Categories Bright Green Gaijin Pants Japan

Bright Green Gaijin Pants, Post 3-3

The bright green gaijin pants for which the blog was named

My first blog, titled Bright Green Gaijin Pants, was a chronicle of my time as an exchange student in Kushiro, Hokkaido, Japan. I’ve decided to repost its contents on this blog. For a full list of all these posts, check out the Bright Green Gaijin Pants category.

The first blog post of any real worth that I published from Japan was far larger than it had any right to be. It was actually several posts combined and posted at the same time because I didn’t have internet access when I first got to Japan. I will be reposting them seperately, as they were meant to be.

On to Kushiro

Originally published on October 16, 2005.

When the alarm went off, I reset it for 4:35. When it went off again, I reset it for 4:40. Then I got up. I did morning things, then went down to the lobby. Before checking out, I got on line and checked some Neopets stuff, as well as sending an e-mail to everyone to say, “Yo, I am alive.” It seemed like my contacts on gmail did not include someone, and it wasn’t until I got to the part about the hotel key card in writing this that I realized that for some reason, Zeal was totally not on there. Sorry, Zeal. m(_ _)m Did Gokuiroth tell you? :s

Anyway, I checked out in time to catch the 5:40 AM shuttle to the airport. No lateness again for me! Everything happened smoothly. The young woman at the ticketing counter seemed to be in training, but there was no slowdown of services. Even if there had been, I would have been fine with it. I usually am fine with new trainees, but even if I wasn’t, the service I had received the day before was so good that I’d have been patient anyway. At one point they informed me that there was a flight change charge. It didn’t surprise me, so I was like, *sigh* “Hai.” Then they told me the charge was 100 yen.

What do they charge you for stuff like that in America? I doubt it’s as low as like 90 cents. That’s a rough equivalent of how much I paid. Delight!

So anyway, I got through that with a pink airline ticket and a Yokoso Japan! ticket envelope. I went straight to my gate — skipping food because I wasn’t all that hungry and I was damned if I was gonna miss this flight — and sat down. I was at the lower domestic gates. And very early.
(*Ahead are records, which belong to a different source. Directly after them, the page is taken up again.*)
lemma comb0_u: "m < d \<Longrightarrow> k \<le> d \<Longrightarrow> affine_comb X layer0 (u m k)"
  by (rule affine_comb_relay_u) (auto simp: layer0_def intro: layer_coordI)

lemma comb0_wave:
  assumes "m < d" "k \<le> d" shows "affine_comb X layer0 (wave m k)"
proof (rule affine_comb.cong)
  show "affine_comb X layer0 (\<lambda>x. (1/2) * act (2 * u m k x + 1/2) + (- 1/4))"
    using assms by (intro affine_comb_affine affine_comb.basis) (auto simp: layer0_def intro: layer_coordI)
qed (use assms in \<open>simp add: wave_def centred_wave_def act_2u\<close>)

lemma comb0_dist2:
  assumes "m < d" "k \<le> d" shows "affine_comb X layer0 (dist2 m k)"
proof (rule affine_comb.cong)
  show "affine_comb X layer0 (\<lambda>x. act (2 * u m k x))"
    using assms by (intro affine_comb.basis) (auto simp: layer0_def intro: layer_coordI)
qed (use assms act_2u[where c = 0] in \<open>simp add: dist2_def twice_dist_int_def\<close>)

definition "layer1 = layer
  (\<lambda>m k. [abs_unit 1 (\<lambda>x. dist2 m k x / 2 - 1/4), abs_unit 1 (\<lambda>x. dist2 m k x / 2 - safe_radius),
    relay 1 (wave m k), relay 1 (dist2 m k), relay Bu (u m k)]) (\<lambda>k. []) []"

lemma realizes_layer1: "layer_realizes N X 1 layer1"
  unfolding layer1_def
proof (rule layer_realizes_next[OF realizes_layer0])
  fix m k g assume mk: "m < d" "k \<le> d" and g: "g \<in> set [abs_unit 1 (\<lambda>x. dist2 m k x / 2 - 1/4),
    abs_unit 1 (\<lambda>x. dist2 m k x / 2 - safe_radius), relay 1 (wave m k), relay 1 (dist2 m k), relay Bu (u m k)]"
  have "affine_comb X layer0 (\<lambda>x. (1/2) * dist2 m k x + e)" for e
    using comb0_dist2[OF mk] by (rule affine_comb_affine)
  then have "affine_comb X layer0 (\<lambda>x. dist2 m k x / 2 - e)" for e
    by (rule affine_comb.cong) auto
  then show "neuron X layer0 g"
    using g comb0_wave[OF mk] comb0_dist2[OF mk] comb0_u[OF mk] by (auto intro: neuron_abs_unit neuron_relay)
qed auto

lemma comb1_wave: "m < d \<Longrightarrow> k \<le> d \<Longrightarrow> affine_comb X layer1 (wave m k)"
  by (rule affine_comb_relay_wave) (auto simp: layer1_def intro: layer_coordI)

lemma comb1_dist2: "m < d \<Longrightarrow> k \<le> d \<Longrightarrow> affine_comb X layer1 (dist2 m k)"
  by (rule affine_comb_relay_dist2) (auto simp: layer1_def intro: layer_coordI)

lemma comb1_u: "m < d \<Longrightarrow> k \<le> d \<Longrightarrow> affine_comb X layer1 (u m k)"
  by (rule affine_comb_relay_u) (auto simp: layer1_def intro: layer_coordI)

lemma comb1_max_0:
  assumes mk: "m < d" "k \<le> d" and e: "e = 1/4 \<or> e = safe_radius"
  shows "affine_comb X layer1 (\<lambda>x. max 0 (dist2 m k x / 2 - e))"
proof (rule affine_comb_max_0)
  show lin: "affine_comb X layer1 (\<lambda>x. dist2 m k x / 2 - e)"
    by (rule affine_comb.cong[OF affine_comb_affine[OF comb1_dist2[OF mk], of "1/2" "- e"]]) auto
  have "abs_unit 1 (\<lambda>x. dist2 m k x / 2 - e) \<in> layer1"
    unfolding layer1_def using mk by (rule layer_coordI) (use e in \<open>elim disjE; hypsubst; simp\<close>)
  moreover have "\<bar>dist2 m k x / 2 - e\<bar> \<le> 1" for x
    using e dist2_bounds[of m k x] safe_radius_bounds by (auto simp: abs_le_iff)
  ultimately show "affine_comb X layer1 (\<lambda>x. \<bar>dist2 m k x / 2 - e\<bar>)"
    by (intro affine_comb_abs_unit) auto
qed

lemma comb1_excess: "m < d \<Longrightarrow> k \<le> d \<Longrightarrow> affine_comb X layer1 (excess m k)"
  by (rule affine_comb.cong[OF comb1_max_0[of m k "1/4"]])
    (auto simp: excess_def dist_int_excess_def dist2_def)
(*
  (a) Translating delta_{0,b} by -c gives delta_{c,b}, so the span contains all finite sums of
  such maps, i.e. all finitely supported maps; conversely the module operations preserve finite
  support.
  (b) For finite A, r * delta_{a,u} is x |-> r (a - x) u, which is bijective in r when u is a unit.
  (c) Difference operators commute with translations and with integer multiples, so
  Delta_{a1} ... Delta_{ak} delta_{c,v} is v times a translate of the integer-valued
  Delta_{a1} ... Delta_{ak} delta_{0,1}. If b has order exp(B), every integer killing b kills all
  of B. Hence whenever an iterated difference of delta_{a,b} vanishes, so does that of every
  delta_{c,v}, and by additivity that of every f; thus fdeg f <= fdeg delta_{a,b}.
*)

lemma natmul_0 [simp]: "natmul 0 b = 0"
  by (simp add: natmul_def)

lemma natmul_Suc [simp]: "natmul (Suc n) b = b + natmul n b"
  by (simp add: natmul_def)

lemma natmul_add: "natmul (m + n) b = natmul m b + natmul n b"
  by (induction m) (simp_all add: add.assoc)

lemma natmul_zero_right [simp]: "natmul n 0 = 0"
  by (induction n) simp_all

lemma natmul_mult_eq_0: "natmul d b = 0 \<Longrightarrow> natmul (q * d) b = 0"
  by (induction q) (simp_all add: natmul_add)

lemma zmul_diff_nat: "zmul (int m - int n) b = natmul m b - natmul n b"
proof (cases "n \<le> m")
  case True
  then obtain k where "m = n + k"
    using le_Suc_ex by blast
  then show ?thesis
    by (simp add: zmul_def natmul_add)
next
  case False
  then obtain k where "n = m + k"
    using le_Suc_ex nat_le_linear by blast
  then show ?thesis
    by (auto simp: zmul_def natmul_add)
qed

lemma zmul_eq_natmul_diff: "zmul k b = natmul (nat k) b - natmul (nat (- k)) b"
  by (simp add: zmul_def)

lemma zmul_add: "zmul (k + l) b = zmul k b + zmul l b"
proof -
  have "k + l = int (nat k + nat l) - int (nat (- k) + nat (- l))"
    by simp
  then have "zmul (k + l) b = natmul (nat k + nat l) b - natmul (nat (- k) + nat (- l)) b"
    by (metis zmul_diff_nat)
  then show ?thesis
    by (simp add: zmul_eq_natmul_diff natmul_add algebra_simps)
qed

lemma zmul_diff: "zmul (k - l) b = zmul k b - zmul l b"
  using zmul_add [of "k - l" l b] by (simp add: algebra_simps)

lemma zmul_0 [simp]: "zmul 0 b = 0"
  by (simp add: zmul_def)

lemma zmul_1 [simp]: "zmul 1 b = b"
  by (simp add: zmul_def)

lemma zmul_zero_right [simp]: "zmul k 0 = 0"
  by (simp add: zmul_def)

lemma zmul_eq_0_iff: "zmul k b = 0 \<longleftrightarrow> natmul (nat \<bar>k\<bar>) b = 0"
  by (simp add: zmul_def)
(* Let $f:(M,g_M)\to(N,g_N)$ be a conformal Riemannian morphism between Riemannian manifolds with $M$ compact. Then $\dim\ker(df_x)$ and the dimension of a Conf subspace $\mathrm{Conf}(df_x)$ corresponding to $df_x$ are constant on each connected component of $M$.
   Context: A linear map $T:V\to W$ between real inner-product spaces is a geometric function if there exist a subspace $C\subset V$ with $V=\ker T\oplus C$ and $r>0$ with $\langle T u,T v\rangle=r\langle u,v\rangle$ for all $u,v\in C$ ($r$ is a conformality factor, $C$ a Conf subspace $\mathrm{Conf}(T)$). A smooth $f:(M,g_M)\to(N,g_N)$ is a conformal Riemannian morphism if there is a smooth $\wedge_f:M\to\mathbb{R}^{+}$, called the Riemannian factor, such that each $df_x$ is a geometric function with conformality factor $\wedge_f(x)$. *)

theory Defs
  imports "HOL-Analysis.Analysis"
begin

fun Ck_on :: "nat \<Rightarrow> ('a::euclidean_space \<Rightarrow> 'b::euclidean_space) \<Rightarrow> 'a set \<Rightarrow> bool" where
  "Ck_on 0 f U = continuous_on U f"
| "Ck_on (Suc k) f U =
     ((\<forall>x\<in>U. f differentiable (at x)) \<and>
      (\<forall>v. Ck_on k (\<lambda>x. frechet_derivative f (at x) v) U))"

definition smooth_on :: "('a::euclidean_space \<Rightarrow> 'b::euclidean_space) \<Rightarrow> 'a set \<Rightarrow> bool" where
  "smooth_on f U \<longleftrightarrow> open U \<and> (\<forall>k. Ck_on k f U)"
(* Let $\tilde\Phi_N=[\tilde A\ \tilde B]$ be the regularized least-squares estimate and $\hat\Phi_N=[\hat A\ \hat B]$ the sparsified estimate described in the context, and let $\tilde\Delta_N=\Phi-\tilde\Phi_N$, $\Delta_N=\Phi-\hat\Phi_N$ with $\Phi=[A\ B]$. If $\|\tilde\Delta_N\|\le\varepsilon$ for some $\varepsilon>0$, then $\|\Delta_N\|\le\sqrt{\psi}\,\varepsilon$, where $\psi$ is the number of strongly connected components of the directed graph $\mathcal{G}(\mathcal{V},\mathcal{A})$.
   Context: Let $\mathcal{V}=[p]$ with block dimensions $n_i,m_i$, $n=\sum n_i$, $m=\sum m_i$. $A\in\mathbb{R}^{n\times n}$, $B\in\mathbb{R}^{n\times m}$ have blocks $A_{ij}\in\mathbb{R}^{n_i\times n_j}$, $B_{ij}\in\mathbb{R}^{n_i\times m_j}$ with $A_{ij}=0$, $B_{ij}=0$ whenever $j\notin\mathcal{N}_i$ for given sets $\mathcal{N}_i\subseteq\mathcal{V}$. $\mathcal{G}(\mathcal{V},\mathcal{A})$ is a directed graph without self loops whose edges carry delays $0$ or $1$; $D_{ij}$ is the minimum total delay over directed paths from $j$ to $i$ ($D_{ii}=0$, $D_{ij}=+\infty$ if there is no such path). It is assumed that $D_{ij}\le1$ for all $j\in\mathcal{N}_i$. Given a trajectory $x_0,\dots,x_N\in\mathbb{R}^n$, $u_0,\dots,u_{N-1}\in\mathbb{R}^m$ of $x_{t+1}=Ax_t+Bu_t+w_t$ and $\lambda>0$, with $z_t=[x_t^\top,u_t^\top]^\top$, $\tilde\Phi_N=\arg\min_{Y\in\mathbb{R}^{n\times(n+m)}}\{\lambda\|Y\|_F^2+\sum_{t=0}^{N-1}\|x_{t+1}-Yz_t\|^2\}$. $\hat A,\hat B$ are obtained from $\tilde A,\tilde B$ by setting the blocks $\hat A_{ij}$, $\hat B_{ij}$ to zero exactly for those $(i,j)$ with $D_{ij}=\infty$ (other blocks unchanged). $\|\cdot\|$ is the spectral norm. *)

theory Defs
  imports "HOL-Analysis.Analysis" "HOL-Library.Extended_Nat"
begin

text \<open>Graph G(V,Arcs) on V = {1..p}; an arc (j,i) in Arcs means an edge from j to i,
  carrying delay dl j i (0 or 1).\<close>

definition is_dpath :: "(nat \<times> nat) set \<Rightarrow> nat \<Rightarrow> nat \<Rightarrow> nat list \<Rightarrow> bool" where
  "is_dpath Arcs j i xs \<longleftrightarrow> xs \<noteq> [] \<and> hd xs = j \<and> last xs = i \<and> distinct xs
     \<and> (\<forall>k. Suc k < length xs \<longrightarrow> (xs ! k, xs ! Suc k) \<in> Arcs)"

definition path_delay :: "(nat \<Rightarrow> nat \<Rightarrow> nat) \<Rightarrow> nat list \<Rightarrow> nat" where
  "path_delay dl xs = (\<Sum>k<length xs - 1. dl (xs ! k) (xs ! Suc k))"

definition min_delay :: "(nat \<times> nat) set \<Rightarrow> (nat \<Rightarrow> nat \<Rightarrow> nat) \<Rightarrow> nat \<Rightarrow> nat \<Rightarrow> enat" where
  "min_delay Arcs dl i j = Inf {enat (path_delay dl xs) | xs. is_dpath Arcs j i xs}"

definition num_scc :: "nat set \<Rightarrow> (nat \<times> nat) set \<Rightarrow> nat" where
  "num_scc V Arcs = card (V // {(a, b). a \<in> V \<and> b \<in> V \<and> (a, b) \<in> Arcs\<^sup>* \<and> (b, a) \<in> Arcs\<^sup>*})"

definition stack_vec :: "real^'n \<Rightarrow> real^'m \<Rightarrow> real^('n + 'm)" where
  "stack_vec x u = (\<chi> k. case k of Inl c \<Rightarrow> x $ c | Inr c \<Rightarrow> u $ c)"

definition hcat :: "real^'n^'r \<Rightarrow> real^'m^'r \<Rightarrow> real^('n + 'm)^'r" where
  "hcat A B = (\<chi> r. \<chi> k. case k of Inl c \<Rightarrow> A $ r $ c | Inr c \<Rightarrow> B $ r $ c)"

definition frob_sq :: "real^'c^'r \<Rightarrow> real" where
  "frob_sq Y = (\<Sum>r\<in>UNIV. \<Sum>c\<in>UNIV. (Y $ r $ c)^2)"

definition spec_norm :: "real^'c^'r \<Rightarrow> real" where
  "spec_norm M = onorm (\<lambda>v. M *v v)"

definition rls_obj :: "real \<Rightarrow> nat \<Rightarrow> (nat \<Rightarrow> real^'n) \<Rightarrow> (nat \<Rightarrow> real^'m)
   \<Rightarrow> real^('n + 'm)^'n \<Rightarrow> real" where
  "rls_obj lam N x u Y = lam * frob_sq Y + (\<Sum>t<N. (norm (x (Suc t) - Y *v stack_vec (x t) (u t)))^2)"

text \<open>Sparsification: zero the block (i,j) iff D_{ij} = infinity. State coordinate r lies
  in block bx r, input coordinate c lies in block bu c.\<close>
definition sparsify :: "(nat \<Rightarrow> nat \<Rightarrow> enat) \<Rightarrow> ('n::finite \<Rightarrow> nat) \<Rightarrow> ('m::finite \<Rightarrow> nat)
   \<Rightarrow> real^('n + 'm)^'n \<Rightarrow> real^('n + 'm)^'n" where
  "sparsify D bx bu M = (\<chi> r. \<chi> k.
     (let j = (case k of Inl c \<Rightarrow> bx c | Inr c \<Rightarrow> bu c)
      in if D (bx r) j = \<infinity> then 0 else M $ r $ k))"

end

theory Submission
  imports Defs
begin

text \<open>Let \<open>E = [A B] - Phit\<close> and let \<open>M\<close> be the error of the sparsified estimate. Every
  nonzero block \<open>(i, j)\<close> of \<open>[A B]\<close> has \<open>D\<^sub>i\<^sub>j \<le> 1\<close>, so \<open>[A B]\<close> vanishes wherever the
  sparsification zeroes \<open>Phit\<close>: the entry \<open>(r, k)\<close> of \<open>M\<close> is that of \<open>E\<close> if the block of
  column \<open>k\<close> reaches the block of row \<open>r\<close> in the graph, and \<open>0\<close> otherwise. Which blocks
  reach block \<open>i\<close> depends only on the strongly connected component of \<open>i\<close>, so the rows of
  \<open>M v\<close> belonging to a component \<open>C\<close> are rows of \<open>E v\<^sub>C\<close>, where \<open>v\<^sub>C\<close> is \<open>v\<close> with some
  coordinates set to zero. Hence \<open>\<parallel>M v\<parallel>\<^sup>2 \<le> \<Sum>\<^sub>C \<parallel>E v\<^sub>C\<parallel>\<^sup>2 \<le> \<psi> \<epsilon>\<^sup>2 \<parallel>v\<parallel>\<^sup>2\<close>.\<close>

lemma is_dpath_imp_rtrancl:
  assumes "is_dpath Arcs j i xs"
  shows "(j, i) \<in> Arcs\<^sup>*"
proof -
  have prefix: "(j, xs ! k) \<in> Arcs\<^sup>*" if "k < length xs" for k
    using that
  proof (induction k)
    case 0
    then show ?case using assms by (simp add: is_dpath_def hd_conv_nth)
  next
    case (Suc k)
    then have "(xs ! k, xs ! Suc k) \<in> Arcs" using assms by (simp add: is_dpath_def)
    with Suc show ?case by (meson Suc_lessD rtrancl.rtrancl_into_rtrancl)
  qed
  have "xs \<noteq> []" "last xs = i" using assms by (auto simp: is_dpath_def)
  then show ?thesis using prefix[of "length xs - 1"] by (simp add: last_conv_nth)
qed

lemma is_dpath_snoc:
  assumes "is_dpath Arcs j y xs" and "(y, z) \<in> Arcs" and "z \<notin> set xs"
  shows "is_dpath Arcs j z (xs @ [z])"
  unfolding is_dpath_def
proof (intro conjI allI impI)
  fix k assume k: "Suc k < length (xs @ [z])"
  show "((xs @ [z]) ! k, (xs @ [z]) ! Suc k) \<in> Arcs"
  proof (cases "Suc k < length xs")
    case True
    then show ?thesis using assms(1) by (simp add: is_dpath_def nth_append)
  next
    case False
    then have "k = length xs - 1" "Suc k = length xs" using k by auto
    moreover have "xs ! (length xs - 1) = y" "xs \<noteq> []"
      using assms(1) by (auto simp: is_dpath_def last_conv_nth)
    ultimately show ?thesis using assms(2) by (simp add: nth_append)
  qed
qed (use assms in \<open>auto simp: is_dpath_def\<close>)

lemma is_dpath_take:
  assumes "is_dpath Arcs j y xs" and "n < length xs"
  shows "is_dpath Arcs j (xs ! n) (take (Suc n) xs)"
  using assms unfolding is_dpath_def
  by (auto simp: last_conv_nth min_def intro!: arg_cong[where f = "(!) xs"])

lemma rtrancl_imp_ex_dpath:
  assumes "(j, i) \<in> Arcs\<^sup>*"
  shows "\<exists>xs. is_dpath Arcs j i xs"
  using assms
proof (induction rule: rtrancl_induct)
  case base
  have "is_dpath Arcs j j [j]" by (simp add: is_dpath_def)
  then show ?case ..
next
  case (step y z)
  then obtain xs where xs: "is_dpath Arcs j y xs" by blast
  show ?case
  proof (cases "z \<in> set xs")
    case True
    then obtain n where "n < length xs" "xs ! n = z" by (meson in_set_conv_nth)
    then show ?thesis using is_dpath_take[OF xs] by metis
  next
    case False
    then show ?thesis using is_dpath_snoc[OF xs step(2)] by blast
  qed
qed

lemma min_delay_eq_infinity_iff:
  "min_delay Arcs dl i j = \<infinity> \<longleftrightarrow> (j, i) \<notin> Arcs\<^sup>*"
proof
  assume "(j, i) \<notin> Arcs\<^sup>*"
  then have "{enat (path_delay dl xs) | xs. is_dpath Arcs j i xs} = {}"
    using is_dpath_imp_rtrancl by blast
  then show "min_delay Arcs dl i j = \<infinity>" by (simp add: min_delay_def top_enat_def)
next
  assume "min_delay Arcs dl i j = \<infinity>"
  moreover have "min_delay Arcs dl i j \<le> enat (path_delay dl xs)" if "is_dpath Arcs j i xs" for xs
    unfolding min_delay_def using that by (intro Inf_lower) blast
  ultimately show "(j, i) \<notin> Arcs\<^sup>*" using rtrancl_imp_ex_dpath by fastforce
qed

definition scc_rel :: "nat set \<Rightarrow> (nat \<times> nat) set \<Rightarrow> (nat \<times> nat) set" where
  "scc_rel V Arcs = {(a, b). a \<in> V \<and> b \<in> V \<and> (a, b) \<in> Arcs\<^sup>* \<and> (b, a) \<in> Arcs\<^sup>*}"

lemma num_scc_eq_card_quotient: "num_scc V Arcs = card (V // scc_rel V Arcs)"
  by (simp add: num_scc_def scc_rel_def)

lemma rtrancl_into_scc_iff:
  assumes "v \<in> V"
  shows "(c, v) \<in> Arcs\<^sup>* \<longleftrightarrow> (\<exists>i \<in> scc_rel V Arcs `` {v}. (c, i) \<in> Arcs\<^sup>*)"
  using assms by (auto simp: scc_rel_def intro: rtrancl_trans)

lemma card_scc_image_le_num_scc:
  assumes "finite V" and "range f \<subseteq> V"
  shows "card (range (\<lambda>r. scc_rel V Arcs `` {f r})) \<le> num_scc V Arcs"
  unfolding num_scc_eq_card_quotient
proof (rule card_mono)
  show "finite (V // scc_rel V Arcs)"
    using assms(1) by (rule finite_quotient) (auto simp: scc_rel_def)
  show "range (\<lambda>r. scc_rel V Arcs `` {f r}) \<subseteq> V // scc_rel V Arcs"
    using assms(2) by (auto intro: quotientI)
qed

lemma power2_norm_vec: "(norm (x :: real^'k))\<^sup>2 = (\<Sum>i\<in>UNIV. (x $ i)\<^sup>2)"
  by (simp add: norm_vec_def L2_set_def sum_nonneg)

lemma norm_mult_le_spec_norm: "norm (M *v v) \<le> spec_norm M * norm v"
  unfolding spec_norm_def by (rule onorm) simp

lemma spec_norm_nonneg: "0 \<le> spec_norm M"
  unfolding spec_norm_def by (rule onorm_pos_le) simp

lemma spec_norm_le: "(\<And>v. norm (M *v v) \<le> c * norm v) \<Longrightarrow> spec_norm M \<le> c"
  unfolding spec_norm_def by (rule onorm_le)

definition mask_vec :: "'c set \<Rightarrow> real^'c \<Rightarrow> real^'c" where
  "mask_vec S v = (\<chi> k. if k \<in> S then v $ k else 0)"

lemma norm_mask_vec_le: "norm (mask_vec S v) \<le> norm v"
  by (rule norm_le_componentwise_cart) (simp add: mask_vec_def)

lemma spec_norm_row_masked_le:
  fixes M E :: "real^'c^'r" and cls :: "'r \<Rightarrow> 'q" and S :: "'q \<Rightarrow> 'c set"
  assumes M: "\<And>r k. M $ r $ k = (if k \<in> S (cls r) then E $ r $ k else 0)"
  shows "spec_norm M \<le> sqrt (card (range cls)) * spec_norm E"
proof (rule spec_norm_le)
  fix v :: "real^'c"
  let ?Q = "range cls"
  let ?Ev = "\<lambda>C. E *v mask_vec (S C) v"
  have row: "(M *v v) $ r = ?Ev (cls r) $ r" for r
    by (auto simp: matrix_vector_mult_def M mask_vec_def intro: sum.cong)
  have "(norm (M *v v))\<^sup>2 = (\<Sum>r\<in>UNIV. (?Ev (cls r) $ r)\<^sup>2)"
    by (simp add: power2_norm_vec row)
  also have "\<dots> = (\<Sum>C\<in>?Q. \<Sum>r\<in>{r. cls r = C}. (?Ev C $ r)\<^sup>2)"
    by (subst sum.group[symmetric, of UNIV ?Q cls]) auto
  also have "\<dots> \<le> (\<Sum>C\<in>?Q. (norm (?Ev C))\<^sup>2)"
    unfolding power2_norm_vec by (intro sum_mono sum_mono2) auto
  also have "\<dots> \<le> (\<Sum>C\<in>?Q. (spec_norm E * norm v)\<^sup>2)"
    using order_trans[OF norm_mult_le_spec_norm mult_left_mono[OF norm_mask_vec_le spec_norm_nonneg]]
    by (intro sum_mono power_mono) auto
  also have "\<dots> = (sqrt (card ?Q) * spec_norm E * norm v)\<^sup>2"
    by (simp add: power_mult_distrib)
  finally show "norm (M *v v) \<le> sqrt (card ?Q) * spec_norm E * norm v"
    by (rule power2_le_imp_le) (simp add: spec_norm_nonneg)
qed

lemma sparsify_error_nth:
  assumes A_sparse: "\<forall>r c. bx c \<notin> Nb (bx r) \<longrightarrow> A $ r $ c = 0"
    and B_sparse: "\<forall>r c. bu c \<notin> Nb (bx r) \<longrightarrow> B $ r $ c = 0"
    and Nb_supp: "\<And>r j. j \<in> Nb (bx r) \<Longrightarrow> D (bx r) j \<noteq> \<infinity>"
  shows "(hcat A B - sparsify D bx bu Phit) $ r $ k =
           (if D (bx r) (case_sum bx bu k) = \<infinity> then 0 else (hcat A B - Phit) $ r $ k)"
proof (cases "D (bx r) (case_sum bx bu k) = \<infinity>")
  case True
  then have "case_sum bx bu k \<notin> Nb (bx r)" using Nb_supp by blast
  then have "hcat A B $ r $ k = 0"
    using A_sparse B_sparse by (cases k) (simp_all add: hcat_def)
  then show ?thesis using True by (simp add: sparsify_def)
next
  case False
  show ?thesis by (simp add: sparsify_def False)
qed

theorem lemma5:
  fixes p :: nat
    and bx :: "'n::finite \<Rightarrow> nat" and bu :: "'m::finite \<Rightarrow> nat"
    and A :: "real^'n^'n" and B :: "real^'m^'n"
    and Nb :: "nat \<Rightarrow> nat set"
    and Arcs :: "(nat \<times> nat) set" and dl :: "nat \<Rightarrow> nat \<Rightarrow> nat"
    and N :: nat and x :: "nat \<Rightarrow> real^'n" and u :: "nat \<Rightarrow> real^'m"
    and w :: "nat \<Rightarrow> real^'n"
    and lam :: real and Phit :: "real^('n + 'm)^'n" and eps :: real
  assumes bx_range: "bx ` UNIV = {1..p}"
    and bu_range: "bu ` UNIV \<subseteq> {1..p}"
    and Nb_sub: "\<forall>i\<in>{1..p}. Nb i \<subseteq> {1..p}"
    and A_sparse: "\<forall>r c. bx c \<notin> Nb (bx r) \<longrightarrow> A $ r $ c = 0"
    and B_sparse: "\<forall>r c. bu c \<notin> Nb (bx r) \<longrightarrow> B $ r $ c = 0"
    and arcs_V: "Arcs \<subseteq> {1..p} \<times> {1..p}"
    and no_loops: "\<forall>v. (v, v) \<notin> Arcs"
    and delays: "\<forall>(j, i)\<in>Arcs. dl j i \<in> {0, 1}"
    and nbr_delay: "\<forall>i\<in>{1..p}. \<forall>j\<in>Nb i. min_delay Arcs dl i j \<le> 1"
    and traj: "\<forall>t<N. x (Suc t) = A *v x t + B *v u t + w t"
    and lam_pos: "lam > 0"
    and rls: "\<forall>Y. rls_obj lam N x u Phit \<le> rls_obj lam N x u Y"
    and eps_pos: "eps > 0"
    and err: "spec_norm (hcat A B - Phit) \<le> eps"
  shows "spec_norm (hcat A B - sparsify (min_delay Arcs dl) bx bu Phit)
           \<le> sqrt (real (num_scc {1..p} Arcs)) * eps"
proof -
  define cls where "cls r = scc_rel {1..p} Arcs `` {bx r}" for r
  define S where "S C = {k. \<exists>i\<in>C. (case_sum bx bu k, i) \<in> Arcs\<^sup>*}" for C
  have bx_in: "bx r \<in> {1..p}" for r using bx_range by blast
  have Nb_supp: "min_delay Arcs dl (bx r) j \<noteq> \<infinity>" if "j \<in> Nb (bx r)" for r j
  proof
    have "min_delay Arcs dl (bx r) j \<le> 1" using nbr_delay bx_in that by blast
    then show "min_delay Arcs dl (bx r) j = \<infinity> \<Longrightarrow> False" by simp
  qed
  have "(hcat A B - sparsify (min_delay Arcs dl) bx bu Phit) $ r $ k =
      (if k \<in> S (cls r) then (hcat A B - Phit) $ r $ k else 0)" for r k
  proof -
    have "min_delay Arcs dl (bx r) (case_sum bx bu k) = \<infinity> \<longleftrightarrow> k \<notin> S (cls r)"
      using rtrancl_into_scc_iff[OF bx_in] by (simp add: min_delay_eq_infinity_iff S_def cls_def)
    then show ?thesis
      using sparsify_error_nth[where D = "min_delay Arcs dl", OF A_sparse B_sparse Nb_supp] by simp
  qed
  then have "spec_norm (hcat A B - sparsify (min_delay Arcs dl) bx bu Phit)
      \<le> sqrt (card (range cls)) * spec_norm (hcat A B - Phit)"
    by (rule spec_norm_row_masked_le)
  also have "\<dots> \<le> sqrt (num_scc {1..p} Arcs) * eps"
    using card_scc_image_le_num_scc[of "{1..p}" bx Arcs] bx_range err
    by (intro mult_mono) (auto simp: cls_def spec_norm_nonneg)
  finally show ?thesis .
qed

end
While waiting for boarding time, I took this picture of a TV that was playing ads for those who waited. In retrospect, I wish the picture I had gotten was of the segment boldly labeled “Space Station TV”, but by the time it came around again I was heavily enmeshed in starting this blog post in notepad.

Airport entertainment - a TV
Gate, gate, gate, television!

The Japanese domestic boarding seems both less organized and more efficient to me than its American counterpart. See the picture below for how close the “gates” are to one another.

Japanese domestic airline gates
They remind me of the concession stands at a movie theater.

This is, indeed, where boarding passes were collected. But they didn’t start taking people until 15 minutes before the plane’s scheduled departure. When I got through the gate, I got onto another Friendly Airport Limousine. The bus left for the plane 10 minutes before the scheduled departure, completely full of people.

Friendly Airport Limousine (bus)
Couldn’t be friendlier if it waved. Hello!

That took us straight to the plane, a trip of about 2 minutes. There were two doors open on the plane, and thus, two staircases. Somehow, a plane big enough to have three seat sections filled up with everyone stashing their bags with plenty of time to leave on schedule 8 minutes later. None of this, “Now boarding section 3,” crap. Just pure, unadulterated, “All aboard!”

It was a short plane trip, 1 hour and 20 minutes. I’m pretty sure the seats on that Japanese plane were wider than the seats on its American counterparts, since my hips didn’t feel squished for once. No leg room, but it’s Japan, so I expected that. Got work on the blog post in up to… some point. I was gonna remember exactly where so I could tell you, but I’ve forgotten.